Days later, the two are inadvertently reunited, allowing Jesse an opportunity to explore his prepubescent fascination with the opposite sex. After a long evening of games, exploration and attempted hypnosis, Jesse awakes with confusion and guilt, unsure whether or not he may have overstepped his boundaries. The question of rape consumes his thoughts and Jesse is left struggling to reconcile his uneasy mind.

==Production==

===Development===
Amy George was Yonah Lewis and Calvin Thomas' seventh screenplay after graduating from film school in 2008 and an attempt to write something that spoke to their shared experiences. According to Lewis, having been a "really grumpy young male teenager" was the most obvious point of common ground. The first draft, which grappled with the idea that art must come from a place of suffering, was written in two weeks. "We were still ourselves coming to terms with the idea: How can you be an artist if you come from this middle class Canadian happy lifestyle?” explained Lewis.

The film was funded with the assistance of friends and family, including the 15-year-old Connor Jessup, who the directing pair knew from a summer arts camp they had taught at and he attended.

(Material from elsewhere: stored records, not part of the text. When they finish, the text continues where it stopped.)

(* Let $s$ and $K$ be probability densities with respect to Lebesgue measure on $\mathbb{R}$, and for $w>0$ set $K_w(y)=w^{-1}K(w^{-1}y)$. Let $g=\sqrt{s}$ and assume that $\omega_2(g,\eta)\le\phi(\eta)$ for all $\eta\ge0$, where $\omega_2(g,\eta)=\sup_{|z|\le\eta}\|g(\cdot+z)-g\|$ and $\phi$ is a nondecreasing concave function on $[0,\infty)$ with $\phi(0)=0$. Then for every $w>0$, \[ \left\|\sqrt{s}-\sqrt{K_w\ast s}\right\|^2\le2\left[\int_{\mathbb{R}}(1\vee x^2)K(x)\,dx\right]\phi^2(w). \]
   Context: $\|\cdot\|$ is the $\mathbb{L}_2$-norm with respect to Lebesgue measure, and $\ast$ denotes convolution. *)

theory Defs
  imports "HOL-Analysis.Analysis"
begin

definition prob_density :: "(real \<Rightarrow> real) \<Rightarrow> bool" where
  "prob_density f \<longleftrightarrow> f \<in> borel_measurable lborel \<and> (\<forall>x. 0 \<le> f x)
      \<and> (\<integral>\<^sup>+ x. ennreal (f x) \<partial>lborel) = 1"

definition scaled_kernel :: "(real \<Rightarrow> real) \<Rightarrow> real \<Rightarrow> real \<Rightarrow> real" where
  "scaled_kernel K w y = K (y / w) / w"

definition convolution :: "(real \<Rightarrow> real) \<Rightarrow> (real \<Rightarrow> real) \<Rightarrow> real \<Rightarrow> real" where
  "convolution f g x = (\<integral> y. f (x - y) * g y \<partial>lborel)"

definition L2_norm :: "(real \<Rightarrow> real) \<Rightarrow> real" where
  "L2_norm f = sqrt (\<integral> x. (f x)\<^sup>2 \<partial>lborel)"

definition omega2 :: "(real \<Rightarrow> real) \<Rightarrow> real \<Rightarrow> real" where
  "omega2 g \<eta> = (SUP z \<in> {z. \<bar>z\<bar> \<le> \<eta>}. L2_norm (\<lambda>x. g (x + z) - g x))"

end

theory Submission
  imports Defs
begin

text \<open>
  Since \<open>t \<mapsto> (a - \<surd>t)\<^sup>2\<close> is convex for \<open>a \<ge> 0\<close>, Jensen's inequality for the probability
  weights \<open>y \<mapsto> K\<^sub>w(x - y)\<close> gives
  \<open>(\<surd>s(x) - \<surd>(K\<^sub>w * s)(x))\<^sup>2 \<le> \<integral> K\<^sub>w(z) (\<surd>s(x) - \<surd>s(x - z))\<^sup>2 dz\<close>.
  Integrating in \<open>x\<close> and exchanging the integrals bounds the squared distance by
  \<open>\<integral> K\<^sub>w(z) \<omega>\<^sub>2(\<surd>s, |z|)\<^sup>2 dz \<le> \<integral> K\<^sub>w(z) \<phi>(|z|)\<^sup>2 dz = \<integral> K(x) \<phi>(w|x|)\<^sup>2 dx\<close>.
  Finally \<open>\<phi>(w t) \<le> max 1 t \<cdot> \<phi>(w)\<close>, because \<phi> is nondecreasing, concave and vanishes at 0.
\<close>

lemma nn_integral_lborel_translate:
  fixes f :: "real \<Rightarrow> ennreal"
  assumes [measurable]: "f \<in> borel_measurable borel"
  shows "(\<integral>\<^sup>+ x. f (x + t) \<partial>lborel) = (\<integral>\<^sup>+ x. f x \<partial>lborel)"
  using nn_integral_real_affine[OF assms, of 1 t] by (simp add: add.commute)

lemma nn_integral_lborel_reflect_translate:
  fixes f :: "real \<Rightarrow> ennreal"
  assumes [measurable]: "f \<in> borel_measurable borel"
  shows "(\<integral>\<^sup>+ y. f (t - y) \<partial>lborel) = (\<integral>\<^sup>+ y. f y \<partial>lborel)"
  using nn_integral_real_affine[OF assms, of "-1" t] by simp
lemma log_mean_tendsto_pi_half:
  assumes "0 < a"
  shows "(log_mean a \<longlongrightarrow> (ln pi - ln 2) * (a - crit_exp) / a) (at_left (pi/2))"
proof -
  let ?F = "at_left (pi/2 :: real)"
  have ident: "((\<lambda>x. x) \<longlongrightarrow> pi/2) ?F"
    by (rule tendsto_ident_at)
  have "((\<lambda>x. ln x - ln (sin x)) \<longlongrightarrow> ln (pi/2) - ln 1) ?F"
    using tendsto_sin[OF ident] by (intro tendsto_diff tendsto_ln ident) simp_all
  moreover have "((\<lambda>x. cos x powr a) \<longlongrightarrow> 0) ?F"
  proof (rule tendsto_zero_powrI[OF _ tendsto_const _ assms])
    show "((\<lambda>x. cos x) \<longlongrightarrow> 0) ?F"
      using tendsto_cos[OF ident] by simp
    show "\<forall>\<^sub>F x in ?F. 0 \<le> cos x"
      by (intro eventually_at_leftI[of 0]) (auto intro!: cos_ge_zero)
  qed
  then have "((\<lambda>x. ln ((2 + cos x powr a) / 3) / a) \<longlongrightarrow> ln ((2 + 0) / 3) / a) ?F"
    using assms by (intro tendsto_divide tendsto_ln tendsto_add tendsto_const) simp_all
  ultimately have "((\<lambda>x. ln x - ln (sin x) + ln ((2 + cos x powr a) / 3) / a)
      \<longlongrightarrow> ln (pi/2) - ln 1 + ln ((2 + 0) / 3) / a) ?F"
    by (intro tendsto_add)
  moreover have "ln (pi/2) - ln 1 + ln ((2 + 0) / 3) / a = (ln pi - ln 2) * (a - crit_exp) / a"
    using assms ln_two_less_ln_pi by (simp add: crit_exp_def ln_div field_simps)
  ultimately show ?thesis
    unfolding log_mean_def by simp
qed

lemma log_mean_crit_exp_pos:
  assumes x: "0 < x" "x < pi/2"
  shows "0 < log_mean crit_exp x"
proof -
  have a: "4/5 < crit_exp" "crit_exp < 1" "0 < crit_exp"
    using four_fifths_less_crit_exp crit_exp_less_one by auto
  show ?thesis
  proof (cases "0 < log_mean_numer crit_exp x")
    case True
    then have "0 < log_mean_numer crit_exp t" if "0 < t" "t < x" for t
      using log_mean_numer_neg_persists[OF a(1,2) that x(2)] by force
    then show ?thesis
      using x a by (intro tendsto_at_right_less_of_deriv_pos[OF x(1) _ _ log_mean_tendsto_zero])
        (auto intro: log_mean_deriv_pos isCont_log_mean)
  next
    case False
    then have "log_mean_numer crit_exp t < 0" if "x < t" "t < pi/2" for t
      using log_mean_numer_neg_persists[OF a(1,2) x(1) that] by simp
    moreover have "(log_mean crit_exp \<longlongrightarrow> 0) (at_left (pi/2))"
      using log_mean_tendsto_pi_half[OF a(3)] by simp
    ultimately show ?thesis
      using x a by (intro tendsto_at_left_less_of_deriv_neg[OF x(2)])
        (auto intro: log_mean_deriv_neg isCont_log_mean)
  qed
qed

lemma log_mean_four_fifths_neg:
  assumes x: "0 < x" "x < pi/2"
  shows "log_mean (4/5) x < 0"
proof -
  have "log_mean_numer (4/5) t < 0" if "0 < t" "t < pi/2" for t
  proof (rule log_mean_numer_neg_of_tau_pos[OF that])
    fix u assume "0 < u" "u < t"
    then show "0 < tau (4/5) (cos u)"
      using that cos_monotone_0_pi[of 0 u] by (intro tau_four_fifths_pos cos_gt_zero) auto
  qed
  then show ?thesis
    using x by (intro tendsto_at_right_greater_of_deriv_neg[OF x(1) _ _ log_mean_tendsto_zero])
      (auto intro: log_mean_deriv_neg isCont_log_mean)
qed

lemma log_mean_pos_near_zero:
  assumes a: "4/5 < a" "a < 1"
  shows "\<exists>x. 0 < x \<and> x < pi/2 \<and> 0 < log_mean a x"
proof -
  have "filterlim (cos :: real \<Rightarrow> real) (at_left 1) (at_right 0)"
  proof (rule tendsto_imp_filterlim_at_left)
    show "((cos :: real \<Rightarrow> real) \<longlongrightarrow> 1) (at_right 0)"
      using tendsto_cos[OF tendsto_ident_at[of "0::real" "{0<..}"]] by simp
    show "\<forall>\<^sub>F x in at_right 0. cos x < (1::real)"
      using pi_gt3 by (intro eventually_at_rightI[of 0 1]) (auto intro!: cos_monotone_0_pi[of 0, simplified])
  qed
  then have "\<forall>\<^sub>F x in at_right 0. tau a (cos x) < 0"
    by (rule eventually_compose_filterlim[OF tau_neg_near_one[OF a(1)]])
  then obtain b where b: "0 < b" "\<And>t. 0 < t \<Longrightarrow> t < b \<Longrightarrow> tau a (cos t) < 0"
    unfolding eventually_at_right_field by auto
  define x where "x = min (b / 2) 1"
  have x: "0 < x" "x < b" "x < pi/2"
    using b pi_gt3 by (auto simp: x_def)
  have "0 < log_mean_numer a t" if "0 < t" "t \<le> x" for t
    using that x b by (intro log_mean_numer_pos_of_tau_neg) auto
  then have "0 < log_mean a x"
    using x a by (intro tendsto_at_right_less_of_deriv_pos[OF x(1) _ _ log_mean_tendsto_zero])
      (auto intro: log_mean_deriv_pos isCont_log_mean)
  then show ?thesis
    using x by blast
qed

lemma log_mean_neg_near_pi_half:
  assumes a: "0 < a" "a < crit_exp"
  shows "\<exists>x. 0 < x \<and> x < pi/2 \<and> log_mean a x < 0"
proof -
  have "(ln pi - ln 2) * (a - crit_exp) / a < 0"
    using a ln_two_less_ln_pi by (simp add: divide_neg_pos mult_pos_neg)
  then have "\<forall>\<^sub>F x in at_left (pi/2). log_mean a x < 0"
    by (rule order_tendstoD(2)[OF log_mean_tendsto_pi_half[OF a(1)]])
  moreover have "\<forall>\<^sub>F x in at_left (pi/2). 0 < x"
    by (intro eventually_at_leftI[of 0]) auto
  moreover have "\<forall>\<^sub>F x in at_left (pi/2). x < pi/2"
    by (simp add: eventually_at_filter)
  ultimately have "\<forall>\<^sub>F x in at_left (pi/2). 0 < x \<and> x < pi/2 \<and> log_mean a x < 0"
    by eventually_elim auto
  then show ?thesis
    by (rule eventually_happens'[rotated]) simp
qed

lemma one_less_sin_tan_mean:
  assumes p: "0 < p \<or> p \<le> - crit_exp" and x: "0 < x" "x < pi/2"
  shows "1 < sin_tan_mean p x"
proof -
  have mean_zero: "sin_tan_mean 0 x = 1"
    using sin_tan_mean_zero[OF x] .
  have mean_crit: "1 < sin_tan_mean (- crit_exp) x"
    using one_less_sin_tan_mean_neg_iff[of crit_exp x] log_mean_crit_exp_pos[OF x] x
      four_fifths_less_crit_exp by simp
  consider "0 < p" | "p = - crit_exp" | "p < - crit_exp"
    using p by linarith
  then show ?thesis
  proof cases
    case 1
    have "sin_tan_mean (- (4/5)) x < 1"
      using sin_tan_mean_neg_less_one_iff[of "4/5" x] log_mean_four_fifths_neg[OF x] x by simp
    then show ?thesis
      using convex_on_less_right[OF convex_on_sin_tan_mean[of x], of "- (4/5)" p 0] 1 mean_zero by simp
  next
    case 3
    then show ?thesis
      using convex_on_less_left[OF convex_on_sin_tan_mean[of x], of p 0 "- crit_exp"]
        four_fifths_less_crit_exp mean_zero mean_crit by simp
  qed (use mean_crit in simp)
qed

lemma sin_tan_mean_less_one:
  assumes q: "- (4/5) \<le> q" "q < 0" and x: "0 < x" "x < pi/2"
  shows "sin_tan_mean q x < 1"
proof -
  have mean_four_fifths: "sin_tan_mean (- (4/5)) x < 1"
    using sin_tan_mean_neg_less_one_iff[of "4/5" x] log_mean_four_fifths_neg[OF x] x by simp
  consider "sin_tan_mean q x \<le> sin_tan_mean (- (4/5)) x" | "q \<noteq> - (4/5)" "sin_tan_mean (- (4/5)) x < sin_tan_mean q x"
    by force
  then show ?thesis
  proof cases
    case 2
    then show ?thesis
      using convex_on_less_right[OF convex_on_sin_tan_mean[of x], of "- (4/5)" 0 q] q
        sin_tan_mean_zero[OF x] by simp
  qed (use mean_four_fifths in simp)
qed

lemma one_less_sin_tan_mean_iff:
  assumes "p \<noteq> 0"
  shows "(\<forall>x. 0 < x \<and> x < pi/2 \<longrightarrow> 1 < sin_tan_mean p x) \<longleftrightarrow> 0 < p \<or> p \<le> - crit_exp"
proof
  assume "\<forall>x. 0 < x \<and> x < pi/2 \<longrightarrow> 1 < sin_tan_mean p x"
  moreover have "\<exists>x. 0 < x \<and> x < pi/2 \<and> sin_tan_mean p x < 1" if "- crit_exp < p" "p < 0"
    using log_mean_neg_near_pi_half[of "- p"] sin_tan_mean_neg_less_one_iff[of "- p"] that
    by fastforce
  ultimately show "0 < p \<or> p \<le> - crit_exp"
    using assms by force
qed (use one_less_sin_tan_mean in blast)

lemma sin_tan_mean_less_one_iff:
  assumes "q \<noteq> 0"
  shows "(\<forall>x. 0 < x \<and> x < pi/2 \<longrightarrow> sin_tan_mean q x < 1) \<longleftrightarrow> - (4/5) \<le> q \<and> q < 0"
proof
  assume below: "\<forall>x. 0 < x \<and> x < pi/2 \<longrightarrow> sin_tan_mean q x < 1"
  have "\<not> (0 < q \<or> q \<le> - crit_exp)"
    using one_less_sin_tan_mean[of q "pi/4"] below[rule_format, of "pi/4"] pi_gt_zero by force
  moreover have "\<exists>x. 0 < x \<and> x < pi/2 \<and> 1 < sin_tan_mean q x" if "- 1 < q" "q < - (4/5)"
    using log_mean_pos_near_zero[of "- q"] one_less_sin_tan_mean_neg_iff[of "- q"] that
    by fastforce
  ultimately show "- (4/5) \<le> q \<and> q < 0"
    using below crit_exp_less_one assms by force
qed (use sin_tan_mean_less_one in blast)

theorem proposition4p1:
  shows "(\<forall>p::real. p \<noteq> 0 \<longrightarrow>
           ((\<forall>x::real. 0 < x \<and> x < pi / 2 \<longrightarrow>
               2/3 * (sin x / x) powr p + 1/3 * (tan x / x) powr p > 1)
            \<longleftrightarrow> (p > 0 \<or> p \<le> - ((ln 3 - ln 2) / (ln pi - ln 2))))) \<and>
         (\<forall>q::real. q \<noteq> 0 \<longrightarrow>
           ((\<forall>x::real. 0 < x \<and> x < pi / 2 \<longrightarrow>
               2/3 * (sin x / x) powr q + 1/3 * (tan x / x) powr q < 1)
            \<longleftrightarrow> (-4/5 \<le> q \<and> q < 0)))"
  using one_less_sin_tan_mean_iff sin_tan_mean_less_one_iff
  unfolding sin_tan_mean_def crit_exp_def by simp

end
lemma nn_integral_step_meas_product:
  assumes f: "f \<in> borel_measurable borel" and f_nonneg: "\<And>\<tau>. 0 \<le> f \<tau>" and g_nonneg: "\<And>b. 0 \<le> g b"
  shows "(\<integral>\<^sup>+s. ennreal (f (fst s) * g (snd s)) \<partial>step_meas)
     = (\<integral>\<^sup>+\<tau>. ennreal (f \<tau>) \<partial>exp_meas) * ennreal ((g True + g False) / 2)"
proof -
  have coin: "(\<integral>\<^sup>+b. ennreal (f \<tau> * g b) \<partial>measure_pmf (bernoulli_pmf (1/2)))
      = ennreal (f \<tau>) * ennreal ((g True + g False) / 2)" for \<tau>
  proof -
    have half: "ennreal z * inverse 2 = ennreal (z / 2)" if "0 \<le> z" for z :: real
      using that by (simp add: ennreal_divide_numeral[symmetric] divide_ennreal_def)
    have "(\<integral>\<^sup>+b. ennreal (f \<tau> * g b) \<partial>measure_pmf (bernoulli_pmf (1/2)))
        = ennreal (f \<tau> * g True / 2 + f \<tau> * g False / 2)"
      using f_nonneg[of \<tau>] g_nonneg[of True] g_nonneg[of False]
      by (simp add: half ennreal_plus[symmetric] del: ennreal_plus)
    then show ?thesis
      using f_nonneg[of \<tau>] by (simp add: ennreal_mult'[symmetric] add_divide_distrib algebra_simps)
  qed
  have sets_exp: "sets exp_meas = sets borel"
    unfolding exp_meas_def by simp
  have "(\<lambda>s. g (snd s)) \<in> borel_measurable step_meas"
    by (rule measurable_compose[OF measurable_snd_step_meas]) simp
  then have meas: "(\<lambda>s. ennreal (f (fst s) * g (snd s))) \<in> borel_measurable step_meas"
    using measurable_fst_step_meas[OF f] by measurable
  have "(\<integral>\<^sup>+s. ennreal (f (fst s) * g (snd s)) \<partial>step_meas)
      = (\<integral>\<^sup>+\<tau>. \<integral>\<^sup>+b. ennreal (f \<tau> * g b) \<partial>measure_pmf (bernoulli_pmf (1/2)) \<partial>exp_meas)"
    using sigma_finite_measure.nn_integral_fst[OF prob_space_imp_sigma_finite[OF prob_space_measure_pmf]
        meas[unfolded step_meas_def]]
    unfolding step_meas_def by simp
  also have "\<dots> = (\<integral>\<^sup>+\<tau>. ennreal (f \<tau>) \<partial>exp_meas) * ennreal ((g True + g False) / 2)"
    unfolding coin using f by (intro nn_integral_multc) (simp add: measurable_cong_sets[OF sets_exp refl])
  finally show ?thesis .
qed

definition discount :: "(int \<Rightarrow> real) \<Rightarrow> int \<Rightarrow> real \<times> bool \<Rightarrow> real" where
  "discount a y s = exp (- (fst s * a y))"

lemma measurable_discount: "discount a y \<in> borel_measurable step_meas"
  unfolding discount_def by (rule measurable_fst_step_meas) simp

lemma nn_integral_step_meas_discount:
  assumes a: "-1 < a y" and g_nonneg: "\<And>b. 0 \<le> g b"
  shows "(\<integral>\<^sup>+s. ennreal (discount a y s * g (snd s)) \<partial>step_meas)
     = ennreal ((g True + g False) / 2 / (1 + a y))"
proof -
  have "(\<integral>\<^sup>+s. ennreal (discount a y s * g (snd s)) \<partial>step_meas)
      = ennreal (1 / (1 + a y)) * ennreal ((g True + g False) / 2)"
    unfolding discount_def
    using nn_integral_step_meas_product[of "\<lambda>\<tau>. exp (- (\<tau> * a y))" g] g_nonneg
    by (simp add: nn_integral_exp_meas_exp[OF a])
  then show ?thesis
    using a by (simp add: ennreal_mult'[symmetric] mult.commute)
qed

lemma path_product_discount:
  "path_product N (discount a) H M x \<omega>
     = exp (- (\<Sum>n<M. fst (\<omega> n) * a (jump_chain N x \<omega> n))) * H (jump_chain N x \<omega> M)"
  unfolding path_product_def discount_def by (simp add: exp_sum[symmetric] sum_negf)

section \<open>Contraction of the Lyapunov function\<close>

definition boundary_indicator :: "nat \<Rightarrow> int \<Rightarrow> real" where
  "boundary_indicator N y = (if y = int N \<or> y = - int N then 1 else 0)"

definition lyapunov :: "nat \<Rightarrow> int \<Rightarrow> real" where
  "lyapunov N y = max (3 * real N ^ 2 - real_of_int y ^ 2) 0"

lemma lyapunov_nonneg: "0 \<le> lyapunov N y"
  unfolding lyapunov_def by simp

lemma square_le_if_in_range: "y \<in> {- int N..int N} \<Longrightarrow> real_of_int y ^ 2 \<le> real N ^ 2"
  by (simp add: abs_le_square_iff[symmetric] abs_le_iff)

lemma lyapunov_eq:
  assumes "y \<in> {- int N..int N}"
  shows "lyapunov N y = 3 * real N ^ 2 - real_of_int y ^ 2"
  using square_le_if_in_range[OF assms] zero_le_power2[of "real N"]
  unfolding lyapunov_def by (intro max_absorb1) linarith

lemma lyapunov_bounds:
  "y \<in> {- int N..int N} \<Longrightarrow> 2 * real N ^ 2 \<le> lyapunov N y \<and> lyapunov N y \<le> 3 * real N ^ 2"
  using square_le_if_in_range[of y N] by (simp add: lyapunov_eq)

lemma contraction_factor_nonneg:
  assumes "0 < N"
  shows "0 \<le> 1 - 1 / (3 * real N ^ 2)"
proof -
  have "1 \<le> real N" using assms by simp
  then have "1 \<le> 3 * real N ^ 2" using one_le_power[of "real N" 2] by linarith
  then show ?thesis using assms by (simp add: divide_le_eq_1)
qed

lemma lyapunov_neighbours_interior:
  assumes "\<bar>y\<bar> < int N"
  shows "lyapunov N (walk_step N y True) + lyapunov N (walk_step N y False) = 2 * lyapunov N y - 2"
proof -
  have steps: "walk_step N y True = y + 1" "walk_step N y False = y - 1"
    using assms by (auto simp: walk_step_def)
  have "y \<in> {- int N..int N}" "y + 1 \<in> {- int N..int N}" "y - 1 \<in> {- int N..int N}"
    using assms by auto
  then show ?thesis by (simp add: steps lyapunov_eq power2_eq_square field_simps)
qed

lemma lyapunov_neighbours_boundary:
  assumes N: "0 < N" and y: "\<bar>y\<bar> = int N"
  shows "lyapunov N (walk_step N y True) + lyapunov N (walk_step N y False)
    = 4 * real N ^ 2 + 2 * real N - 1"
proof -
  consider (top) "y = int N" | (bottom) "y = - int N" using y by linarith
  then show ?thesis
  proof cases
    case top
    then have steps: "walk_step N y True = int N" "walk_step N y False = int N - 1"
      using N by (auto simp: walk_step_def)
    have "int N - 1 \<in> {- int N..int N}" using N by auto
    then show ?thesis by (simp add: steps lyapunov_eq power2_eq_square field_simps)
  next
    case bottom
    then have steps: "walk_step N y True = - int N + 1" "walk_step N y False = - int N"
      using N by (auto simp: walk_step_def)
    have "- int N + 1 \<in> {- int N..int N}" using N by auto
    then show ?thesis by (simp add: steps lyapunov_eq power2_eq_square field_simps)
  qed
qed
lemma word_le_finite_basis:
  assumes "finite E" "\<forall>e\<in>E. \<sigma> (\<sigma> e) = e" "I \<subseteq> lists E"
  obtains M where "finite M" "M \<subseteq> I" "\<And>w. w \<in> I \<Longrightarrow> \<exists>m\<in>M. word_le \<sigma> m w"
proof -
  have le_iff: "word_le \<sigma> v w \<longleftrightarrow> signed_emb \<sigma> v w" if "w \<in> lists E" for v w
    using that assms(2) by (intro word_le_iff_signed_emb) auto
  have refl: "word_le \<sigma> u u" if "u \<in> lists E" for u
    using that le_iff signed_emb_refl by blast
  have trans: "word_le \<sigma> u w" if "u \<in> lists E" "v \<in> lists E" "w \<in> lists E"
    "word_le \<sigma> u v" "word_le \<sigma> v w" for u v w
    using that le_iff signed_emb_trans by metis
  have antisym: "u = v" if "u \<in> lists E" "v \<in> lists E" "word_le \<sigma> u v" "word_le \<sigma> v u" for u v
    using that le_iff signed_emb_length signed_emb_length_eq by (metis le_antisym)
  have af: "good (word_le \<sigma>) f" if f: "\<forall>i. f i \<in> lists E" for f
  proof -
    obtain i j where "i < j" "signed_emb \<sigma> (f i) (f j)"
      using good_signed_emb[OF assms(1) f] unfolding good_def by blast
    then show ?thesis using le_iff[of "f j" "f i"] f unfolding good_def by blast
  qed
  show thesis
  proof (rule almost_full_finite_basis[of "lists E" "word_le \<sigma>" I])
  qed (fact refl trans antisym af assms(3) that)+
qed

lemma upward_closed_eq_UN_up_closure:
  assumes "upward_closed E \<sigma> I" "M \<subseteq> I" "\<And>w. w \<in> I \<Longrightarrow> \<exists>m\<in>M. word_le \<sigma> m w"
  shows "I = (\<Union>m\<in>M. up_closure E \<sigma> m)"
proof (intro set_eqI iffI)
  fix w assume "w \<in> I"
  moreover from this obtain m where "m \<in> M" "word_le \<sigma> m w" using assms(3) by blast
  ultimately show "w \<in> (\<Union>m\<in>M. up_closure E \<sigma> m)"
    using assms(1) unfolding upward_closed_def up_closure_def by blast
next
  fix w assume "w \<in> (\<Union>m\<in>M. up_closure E \<sigma> m)"
  then obtain m where "m \<in> I" "w \<in> lists E" "word_le \<sigma> m w"
    using assms(2) unfolding up_closure_def by blast
  then show "w \<in> I" using assms(1) unfolding upward_closed_def by blast
qed

theorem mainTheorem8:
  fixes E :: "'a::linorder set" and \<sigma> :: "'a \<Rightarrow> 'a" and I :: "'a list set"
  assumes "OS_B_obj E \<sigma>"
    and "upward_closed E \<sigma> I"
  shows "ordered_language E I"
proof -
  from assms(1) have "finite E" and inv: "\<forall>e\<in>E. \<sigma> (\<sigma> e) = e"
    unfolding OS_B_obj_def by auto
  from assms(2) have "I \<subseteq> lists E" unfolding upward_closed_def by blast
  obtain M where "finite M" "M \<subseteq> I" and basis: "\<And>w. w \<in> I \<Longrightarrow> \<exists>m\<in>M. word_le \<sigma> m w"
    using word_le_finite_basis[OF \<open>finite E\<close> inv \<open>I \<subseteq> lists E\<close>] by metis
  have "ordered_language E (\<Union>m\<in>M. up_closure E \<sigma> m)"
    using \<open>finite M\<close> \<open>M \<subseteq> I\<close> \<open>I \<subseteq> lists E\<close> inv
    by (intro ordered_language_UN ordered_language_up_closure) auto
  then show ?thesis
    using upward_closed_eq_UN_up_closure[OF assms(2) \<open>M \<subseteq> I\<close> basis] by simp
qed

Jessup said, "Guys, I wanna be in on the film; I wanna be on the set every day. And I'm gonna give you a significant amount of money."

===Casting===
The large teenage cast was primarily found at local schools. Gabriel del Castillo Mullaly who played the lead, Jesse, had never acted before and is the son of Canadian actress Maria del Mar. The characters of Jesse's parents, Sabi and Tim, were played by real-life couple, Claudia Dey and Don Kerr.

===Filming===
Principal photography began in and around the Toronto neighbourhood of Riverdale on May 8, 2010. Several scenes take place at neighbourhood parks, including Withrow Park and Riverdale Park. "We'd write about these generic American towns that don't exist, motels in the desert. Eventually we wanted to embrace what was around us. I'm living here in my parents' house at the moment and Calvin would be here and we'd be wandering around and what we'd see would be Withrow Park, Riverdale Park, Gerrard Street," said Lewis.

===Music===
The film's minimal score was written by Lewis' younger brother Lev Lewis. The film also features four songs by musician Michael Holt.

==Awards==
Amy George won the Spirit Award for Feature Narrative at the Brooklyn Film Festival in 2011.